- Task item
Pull every line containing the word "orders" from the records.
◇ ◇ ◇ ◇
lemma exists_justified_within_capacities:
  "\<exists>R. justified R \<and> (\<forall>s\<in>S. card (applicants R s) \<le> q s)"
proof -
  obtain R where R: "justified R" and R_max: "\<And>R'. justified R' \<Longrightarrow> rejection_count R' \<le> rejection_count R"
    using ex_has_greatest_nat[of justified "\<lambda>_. {}" rejection_count "Suc (card I * card S)"]
      justified_empty rejection_count_bounded by blast
  have "card (applicants R s) \<le> q s" if "s \<in> S" for s
  proof (rule ccontr)
    assume over: "\<not> card (applicants R s) \<le> q s"
    then obtain j where j: "j \<in> applicants R s"
      and j_lowest: "\<And>k. k \<in> applicants R s \<Longrightarrow> f s j \<le> f s k"
      using ex_has_least_nat[of "\<lambda>k. k \<in> applicants R s" _ "f s"] by (metis card.empty le0 ex_in_conv)
    have "j \<in> I" and "s \<notin> R j"
      using j favourite_unrejected[of j "R j"] by (auto simp: applicants_def unrejected_def)
    moreover have "finite (R j)"
      using R \<open>j \<in> I\<close> finite_schools by (auto simp: justified_def intro: finite_subset)
    ultimately have "rejection_count (R(j := insert s (R j))) = Suc (rejection_count R)"
      by (rule rejection_count_reject)
    moreover have "justified (R(j := insert s (R j)))"
      using R \<open>s \<in> S\<close> over j j_lowest by (intro justified_reject) auto
    ultimately show False using R_max by fastforce
  qed
  with R show ?thesis by blast
qed

lemma rejecting_school_full:
  assumes "justified R" and "card (applicants R s) \<le> q s" and "i \<in> I" and "s \<in> R i"
  shows "card (applicants R s) = q s" and "\<And>k. k \<in> applicants R s \<Longrightarrow> f s i < f s k"
proof -
  let ?above = "{k \<in> applicants R s. f s i < f s k}"
  have "q s \<le> card ?above" using assms(1,3,4) by (simp add: justified_def)
  moreover have "card ?above \<le> card (applicants R s)"
    using finite_applicants by (intro card_mono) auto
  ultimately have "card ?above = card (applicants R s)" and "card (applicants R s) = q s"
    using assms(2) by linarith+
  then have "?above = applicants R s"
    using finite_applicants by (intro card_subset_eq) auto
  then show "card (applicants R s) = q s" and "\<And>k. k \<in> applicants R s \<Longrightarrow> f s i < f s k"
    using \<open>card (applicants R s) = q s\<close> by blast+
qed

lemma stable_if_justified_within_capacities:
  assumes R: "justified R" and within: "\<forall>s\<in>S. card (applicants R s) \<le> q s"
    and ranks: "\<forall>s\<in>S. \<forall>i\<in>I. \<forall>j\<in>I. (i, j) \<in> pri s \<longrightarrow> f s j < f s i"
  shows "stable I S P q pri (\<lambda>i. if i \<in> I then favourite i (R i) else None)"
    (is "stable I S P q pri ?\<mu>")
proof -
  have assigned: "{j \<in> I. ?\<mu> j = Some s} = applicants R s" for s
    by (auto simp: applicants_def)
  have rejected: "s \<in> R i" if "i \<in> I" "s \<in> S" "(Some s, ?\<mu> i) \<in> P i" for i s
    using that by (auto intro: rejected_if_preferred_to_favourite)
  have "?\<mu> i \<in> insert None (Some ` S)" if "i \<in> I" for i
    using favourite_unrejected[OF that, of "R i"] that by (auto simp: unrejected_def)
  then have "is_matching I S q ?\<mu>"
    using within assigned by (simp add: is_matching_def)
  moreover have "weakpref (P i) (?\<mu> i) None" if "i \<in> I" for i
    using favourite_best[OF that, of "R i"] that by (auto simp: weakpref_def unrejected_def)
  moreover have "card {j \<in> I. ?\<mu> j = Some s} = q s"
    if "i \<in> I" "s \<in> S" "(Some s, ?\<mu> i) \<in> P i" for i s
    using rejecting_school_full(1)[OF R _ \<open>i \<in> I\<close> rejected[OF that]] within that assigned by simp
  moreover have False
    if "s \<in> S" "i \<in> I" "j \<in> I" "?\<mu> j = Some s" "?\<mu> i \<noteq> Some s"
      "weakpref (P i) (Some s) (?\<mu> i)" "(i, j) \<in> pri s" for s i j
  proof -
    have "s \<in> R i" using that by (intro rejected) (auto simp: weakpref_def)
    then have "f s i < f s j"
      using rejecting_school_full(2)[OF R _ \<open>i \<in> I\<close>] within that assigned by blast
    with ranks that show False by fastforce
  qed
  ultimately show ?thesis unfolding stable_def by blast
qed

lemma stable_matching_exists:
  assumes "\<forall>s\<in>S. \<forall>i\<in>I. \<forall>j\<in>I. (i, j) \<in> pri s \<longrightarrow> f s j < f s i"
  shows "stable_set I S P q pri \<noteq> {}"
  using exists_justified_within_capacities stable_if_justified_within_capacities[OF _ _ assms]
  by (auto simp: stable_set_def)

end

lemma stable_set_nonempty_if_acyclic_priorities:
  fixes I :: "'i set" and S :: "'s set" and pri :: "'s \<Rightarrow> 'i rel"
  assumes "finite I" and "finite S"
    and "\<forall>i\<in>I. strict_linear_order_on (insert None (Some ` S)) (P i)"
    and "\<forall>s\<in>S. asym_on I (pri s) \<and> pri s \<subseteq> I \<times> I"
    and "\<forall>s\<in>S. acyclic_rel_on I (pri s)"
  shows "stable_set I S P q pri \<noteq> {}"
proof -
  have "\<exists>g :: 'i \<Rightarrow> nat. inj_on g I \<and> (\<forall>i\<in>I. \<forall>j\<in>I. (i, j) \<in> pri s \<longrightarrow> g j < g i)"
    if "s \<in> S" for s
  proof (rule finite_acyclic_ranking[OF \<open>finite I\<close>])
    have "asym_on I (pri s)" and "pri s \<subseteq> I \<times> I" and "acyclic_rel_on I (pri s)"
      using assms(4,5) that by simp_all
    then show "acyclic (pri s)" by (rule acyclic_if_acyclic_rel_on)
    show "finite (pri s)"
      using \<open>pri s \<subseteq> I \<times> I\<close> by (rule finite_subset) (simp add: assms(1))
  qed
  then have "\<forall>s\<in>S. \<exists>g :: 'i \<Rightarrow> nat. inj_on g I \<and> (\<forall>i\<in>I. \<forall>j\<in>I. (i, j) \<in> pri s \<longrightarrow> g j < g i)"
    by blast
  then obtain f :: "'s \<Rightarrow> 'i \<Rightarrow> nat" where
    f: "\<forall>s\<in>S. inj_on (f s) I \<and> (\<forall>i\<in>I. \<forall>j\<in>I. (i, j) \<in> pri s \<longrightarrow> f s j < f s i)"
    by (auto dest: bchoice)
  interpret ranked_market I S P q f
    using assms(1-3) f by unfold_locales auto
  show ?thesis using f by (intro stable_matching_exists) auto
qed

definition welfare :: "'i set \<Rightarrow> 'a set \<Rightarrow> ('i \<Rightarrow> 'a rel) \<Rightarrow> ('i \<Rightarrow> 'a) \<Rightarrow> nat" where
  "welfare I X P \<mu> = (\<Sum>i\<in>I. card {y \<in> X. (\<mu> i, y) \<in> P i})"

lemma welfare_less_if_pareto_dominates:
  assumes "finite I" and "finite X"
    and orders: "\<And>i. i \<in> I \<Longrightarrow> trans (P i) \<and> irrefl (P i) \<and> P i \<subseteq> X \<times> X"
    and "pareto_dominates I P \<nu> \<mu>"
  shows "welfare I X P \<mu> < welfare I X P \<nu>"
proof -
  let ?beaten = "\<lambda>\<mu> i. {y \<in> X. (\<mu> i, y) \<in> P i}"
  have weak: "weakpref (P i) (\<nu> i) (\<mu> i)" if "i \<in> I" for i
    using assms(4) that by (simp add: pareto_dominates_def)
  have beaten_mono: "?beaten \<mu> i \<subseteq> ?beaten \<nu> i" if "i \<in> I" for i
    using weak[OF that] orders[OF that] by (auto simp: weakpref_def dest: transD)
  obtain i where "i \<in> I" and better: "(\<nu> i, \<mu> i) \<in> P i"
    using assms(4) by (auto simp: pareto_dominates_def)
  then have "\<mu> i \<in> ?beaten \<nu> i - ?beaten \<mu> i"
    using orders[OF \<open>i \<in> I\<close>] by (auto simp: irrefl_def)
  then have "card (?beaten \<mu> i) < card (?beaten \<nu> i)"
    using beaten_mono[OF \<open>i \<in> I\<close>] \<open>finite X\<close> by (intro psubset_card_mono) auto
  moreover have "card (?beaten \<mu> i) \<le> card (?beaten \<nu> i)" if "i \<in> I" for i
    using beaten_mono[OF that] \<open>finite X\<close> by (intro card_mono) auto
  ultimately show ?thesis
    unfolding welfare_def using \<open>finite I\<close> \<open>i \<in> I\<close> by (intro sum_strict_mono_ex1) auto
qed

lemma exists_pareto_undominated:
  assumes "finite I" and "finite X"
    and "\<And>i. i \<in> I \<Longrightarrow> trans (P i) \<and> irrefl (P i) \<and> P i \<subseteq> X \<times> X"
    and "\<mu>\<^sub>0 \<in> M"
  shows "\<exists>\<mu>\<in>M. \<not> (\<exists>\<nu>\<in>M. pareto_dominates I P \<nu> \<mu>)"
proof -
  have "welfare I X P \<mu> < Suc (card I * card X)" for \<mu>
  proof -
    have "welfare I X P \<mu> \<le> (\<Sum>i\<in>I. card X)"
      unfolding welfare_def using \<open>finite X\<close> by (intro sum_mono card_mono) auto
    then show ?thesis by simp
  qed
  then obtain \<mu> where "\<mu> \<in> M" and max: "\<And>\<nu>. \<nu> \<in> M \<Longrightarrow> welfare I X P \<nu> \<le> welfare I X P \<mu>"
    using ex_has_greatest_nat[of "\<lambda>\<mu>. \<mu> \<in> M" \<mu>\<^sub>0 "welfare I X P"] assms(4) by blast
  have False if "\<nu> \<in> M" and "pareto_dominates I P \<nu> \<mu>" for \<nu>
    using max[OF that(1)] welfare_less_if_pareto_dominates[OF assms(1-3) that(2)] by simp
  with \<open>\<mu> \<in> M\<close> show ?thesis by blast
qed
◇ ◇ ◇ ◇
- Problem solution
    and orders: "\<And>i. i \<in> I \<Longrightarrow> trans (P i) \<and> irrefl (P i) \<and> P i \<subseteq> X \<times> X"
    using weak[OF that] orders[OF that] by (auto simp: weakpref_def dest: transD)
    using orders[OF \<open>i \<in> I\<close>] by (auto simp: irrefl_def)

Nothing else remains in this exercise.